Problem description:
Starting with the first line of the records, write out each line exactly until you have included the line containing "L \<longleftrightarrow> lcoset".

Segment Open

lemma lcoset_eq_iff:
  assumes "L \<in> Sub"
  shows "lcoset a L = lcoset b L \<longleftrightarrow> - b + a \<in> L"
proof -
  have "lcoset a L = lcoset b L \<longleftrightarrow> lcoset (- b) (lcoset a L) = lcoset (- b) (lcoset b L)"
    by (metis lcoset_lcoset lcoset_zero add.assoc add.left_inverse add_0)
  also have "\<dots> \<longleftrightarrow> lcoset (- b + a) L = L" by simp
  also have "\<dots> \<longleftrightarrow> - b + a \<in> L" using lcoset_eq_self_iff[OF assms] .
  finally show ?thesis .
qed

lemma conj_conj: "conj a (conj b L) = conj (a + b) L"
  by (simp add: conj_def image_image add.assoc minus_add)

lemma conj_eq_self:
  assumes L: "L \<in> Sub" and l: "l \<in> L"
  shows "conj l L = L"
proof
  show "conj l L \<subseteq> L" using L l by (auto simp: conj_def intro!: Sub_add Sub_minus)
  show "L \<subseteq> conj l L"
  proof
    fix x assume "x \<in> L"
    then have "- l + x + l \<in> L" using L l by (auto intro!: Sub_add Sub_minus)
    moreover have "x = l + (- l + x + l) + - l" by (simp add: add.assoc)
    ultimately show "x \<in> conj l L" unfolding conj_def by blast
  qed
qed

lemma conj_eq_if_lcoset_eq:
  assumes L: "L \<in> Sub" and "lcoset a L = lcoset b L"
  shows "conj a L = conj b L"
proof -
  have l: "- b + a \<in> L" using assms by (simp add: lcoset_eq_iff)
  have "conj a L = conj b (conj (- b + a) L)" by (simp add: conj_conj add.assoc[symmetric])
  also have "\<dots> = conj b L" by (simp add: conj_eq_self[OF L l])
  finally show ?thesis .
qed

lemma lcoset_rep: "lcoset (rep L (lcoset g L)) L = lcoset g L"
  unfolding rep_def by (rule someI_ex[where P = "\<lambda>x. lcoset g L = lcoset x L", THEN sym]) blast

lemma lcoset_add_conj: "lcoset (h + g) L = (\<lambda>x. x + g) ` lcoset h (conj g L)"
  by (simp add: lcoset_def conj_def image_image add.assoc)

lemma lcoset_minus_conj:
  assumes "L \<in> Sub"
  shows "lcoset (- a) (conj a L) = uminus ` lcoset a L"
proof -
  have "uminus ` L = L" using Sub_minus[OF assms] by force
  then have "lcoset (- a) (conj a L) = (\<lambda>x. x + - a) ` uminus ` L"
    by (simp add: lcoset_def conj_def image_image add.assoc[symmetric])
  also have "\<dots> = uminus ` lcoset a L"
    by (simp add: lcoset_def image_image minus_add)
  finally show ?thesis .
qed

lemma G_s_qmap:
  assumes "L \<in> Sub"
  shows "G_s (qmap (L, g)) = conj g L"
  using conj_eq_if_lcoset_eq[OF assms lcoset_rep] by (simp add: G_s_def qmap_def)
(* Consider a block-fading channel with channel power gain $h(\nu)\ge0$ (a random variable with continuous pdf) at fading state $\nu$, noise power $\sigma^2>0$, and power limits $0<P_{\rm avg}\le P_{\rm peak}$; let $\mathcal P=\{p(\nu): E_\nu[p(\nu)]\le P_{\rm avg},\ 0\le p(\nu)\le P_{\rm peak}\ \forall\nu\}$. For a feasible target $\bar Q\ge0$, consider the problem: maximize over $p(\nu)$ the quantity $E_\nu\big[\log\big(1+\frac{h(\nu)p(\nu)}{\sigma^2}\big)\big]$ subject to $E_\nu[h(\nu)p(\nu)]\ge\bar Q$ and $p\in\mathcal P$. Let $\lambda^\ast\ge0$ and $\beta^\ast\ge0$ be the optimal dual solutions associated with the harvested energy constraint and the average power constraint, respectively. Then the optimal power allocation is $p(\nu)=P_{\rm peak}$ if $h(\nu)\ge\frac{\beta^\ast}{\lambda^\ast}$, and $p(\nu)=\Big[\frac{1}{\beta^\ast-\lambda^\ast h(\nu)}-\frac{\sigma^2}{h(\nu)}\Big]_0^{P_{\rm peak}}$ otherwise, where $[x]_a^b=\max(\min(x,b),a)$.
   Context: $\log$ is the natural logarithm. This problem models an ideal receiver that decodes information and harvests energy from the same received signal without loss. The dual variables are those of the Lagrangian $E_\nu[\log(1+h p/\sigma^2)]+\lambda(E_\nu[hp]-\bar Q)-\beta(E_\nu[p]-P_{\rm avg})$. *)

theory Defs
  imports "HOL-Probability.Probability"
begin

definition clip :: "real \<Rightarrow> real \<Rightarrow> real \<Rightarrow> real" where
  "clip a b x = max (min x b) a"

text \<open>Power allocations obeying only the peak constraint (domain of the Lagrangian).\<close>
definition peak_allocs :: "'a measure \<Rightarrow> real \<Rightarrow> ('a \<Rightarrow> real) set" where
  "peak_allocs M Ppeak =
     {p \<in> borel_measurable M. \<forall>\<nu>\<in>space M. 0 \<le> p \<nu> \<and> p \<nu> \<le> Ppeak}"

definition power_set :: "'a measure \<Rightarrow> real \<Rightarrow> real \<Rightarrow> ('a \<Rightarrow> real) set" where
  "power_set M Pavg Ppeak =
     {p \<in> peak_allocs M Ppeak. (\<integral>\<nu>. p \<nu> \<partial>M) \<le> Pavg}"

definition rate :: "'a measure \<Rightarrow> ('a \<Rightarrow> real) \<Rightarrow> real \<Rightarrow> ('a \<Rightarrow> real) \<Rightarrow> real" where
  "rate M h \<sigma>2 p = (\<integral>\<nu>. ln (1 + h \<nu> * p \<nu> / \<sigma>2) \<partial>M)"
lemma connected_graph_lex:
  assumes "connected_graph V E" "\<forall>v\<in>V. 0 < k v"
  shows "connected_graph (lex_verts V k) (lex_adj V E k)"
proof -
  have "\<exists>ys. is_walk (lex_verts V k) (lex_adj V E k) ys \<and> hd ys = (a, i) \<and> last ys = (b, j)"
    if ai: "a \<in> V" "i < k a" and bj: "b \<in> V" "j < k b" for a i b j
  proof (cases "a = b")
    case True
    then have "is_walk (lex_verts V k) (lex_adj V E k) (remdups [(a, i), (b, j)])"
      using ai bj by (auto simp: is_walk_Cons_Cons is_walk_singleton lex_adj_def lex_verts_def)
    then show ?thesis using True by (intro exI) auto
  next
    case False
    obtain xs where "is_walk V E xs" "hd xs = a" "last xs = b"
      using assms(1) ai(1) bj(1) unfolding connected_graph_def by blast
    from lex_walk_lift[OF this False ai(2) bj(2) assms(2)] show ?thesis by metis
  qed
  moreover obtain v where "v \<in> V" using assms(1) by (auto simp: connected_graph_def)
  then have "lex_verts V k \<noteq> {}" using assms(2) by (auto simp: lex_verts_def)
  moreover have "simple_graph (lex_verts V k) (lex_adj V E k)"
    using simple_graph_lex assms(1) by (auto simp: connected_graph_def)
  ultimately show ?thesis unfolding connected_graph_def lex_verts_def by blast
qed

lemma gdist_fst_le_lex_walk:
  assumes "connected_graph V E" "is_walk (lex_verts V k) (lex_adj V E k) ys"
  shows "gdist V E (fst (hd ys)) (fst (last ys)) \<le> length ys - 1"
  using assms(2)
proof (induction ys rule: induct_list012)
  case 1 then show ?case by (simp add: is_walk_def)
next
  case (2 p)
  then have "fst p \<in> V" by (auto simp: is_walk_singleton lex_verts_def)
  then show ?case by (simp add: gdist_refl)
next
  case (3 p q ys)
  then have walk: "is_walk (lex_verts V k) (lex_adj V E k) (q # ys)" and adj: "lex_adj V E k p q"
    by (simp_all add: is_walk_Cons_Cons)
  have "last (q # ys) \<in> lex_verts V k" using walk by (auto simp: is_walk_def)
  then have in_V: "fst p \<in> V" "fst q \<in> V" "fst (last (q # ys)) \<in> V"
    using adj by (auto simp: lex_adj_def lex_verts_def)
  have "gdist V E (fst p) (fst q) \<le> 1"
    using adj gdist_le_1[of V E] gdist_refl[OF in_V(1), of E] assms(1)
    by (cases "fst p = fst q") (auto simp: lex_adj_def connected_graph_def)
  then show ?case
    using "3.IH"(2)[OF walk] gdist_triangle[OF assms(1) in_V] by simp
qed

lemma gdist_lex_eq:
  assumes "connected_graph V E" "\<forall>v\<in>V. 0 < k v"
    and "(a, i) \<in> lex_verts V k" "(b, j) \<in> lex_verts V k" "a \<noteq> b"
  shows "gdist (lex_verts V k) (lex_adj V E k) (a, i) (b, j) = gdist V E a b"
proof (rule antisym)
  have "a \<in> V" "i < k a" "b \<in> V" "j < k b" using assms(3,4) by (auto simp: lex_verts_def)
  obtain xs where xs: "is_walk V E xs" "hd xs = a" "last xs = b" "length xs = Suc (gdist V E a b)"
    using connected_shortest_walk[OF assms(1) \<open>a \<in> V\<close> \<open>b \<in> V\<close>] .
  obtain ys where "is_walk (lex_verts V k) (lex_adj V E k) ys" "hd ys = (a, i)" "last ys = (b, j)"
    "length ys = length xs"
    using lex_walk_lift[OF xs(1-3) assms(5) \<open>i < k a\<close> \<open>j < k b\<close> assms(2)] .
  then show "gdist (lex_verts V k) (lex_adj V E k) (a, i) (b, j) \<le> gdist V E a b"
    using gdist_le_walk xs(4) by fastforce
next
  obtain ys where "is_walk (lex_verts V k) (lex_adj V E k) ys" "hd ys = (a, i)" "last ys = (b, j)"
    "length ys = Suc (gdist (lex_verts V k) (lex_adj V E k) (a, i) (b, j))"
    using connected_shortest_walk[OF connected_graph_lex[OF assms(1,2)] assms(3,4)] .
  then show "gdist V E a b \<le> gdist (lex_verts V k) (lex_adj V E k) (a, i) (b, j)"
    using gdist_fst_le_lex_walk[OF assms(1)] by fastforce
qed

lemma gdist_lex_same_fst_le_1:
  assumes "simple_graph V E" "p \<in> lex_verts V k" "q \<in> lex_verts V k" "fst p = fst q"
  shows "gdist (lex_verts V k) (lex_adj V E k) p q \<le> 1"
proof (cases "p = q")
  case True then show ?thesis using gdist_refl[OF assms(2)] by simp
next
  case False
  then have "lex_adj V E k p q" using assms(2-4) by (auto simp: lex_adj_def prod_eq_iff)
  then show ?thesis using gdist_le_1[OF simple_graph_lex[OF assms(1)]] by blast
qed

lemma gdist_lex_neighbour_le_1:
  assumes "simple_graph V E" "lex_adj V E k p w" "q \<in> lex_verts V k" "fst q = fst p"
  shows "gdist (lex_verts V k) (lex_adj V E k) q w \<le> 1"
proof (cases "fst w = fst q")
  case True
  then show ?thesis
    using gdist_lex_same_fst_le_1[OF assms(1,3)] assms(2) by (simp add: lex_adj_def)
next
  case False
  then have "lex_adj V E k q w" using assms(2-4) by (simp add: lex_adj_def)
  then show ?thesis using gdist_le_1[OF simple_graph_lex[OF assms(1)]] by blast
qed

Segment Closed

Response area:
lemma lcoset_eq_iff:
  assumes "L \<in> Sub"
  shows "lcoset a L = lcoset b L \<longleftrightarrow> - b + a \<in> L"
proof -
  have "lcoset a L = lcoset b L \<longleftrightarrow> lcoset (- b) (lcoset a L) = lcoset (- b) (lcoset b L)"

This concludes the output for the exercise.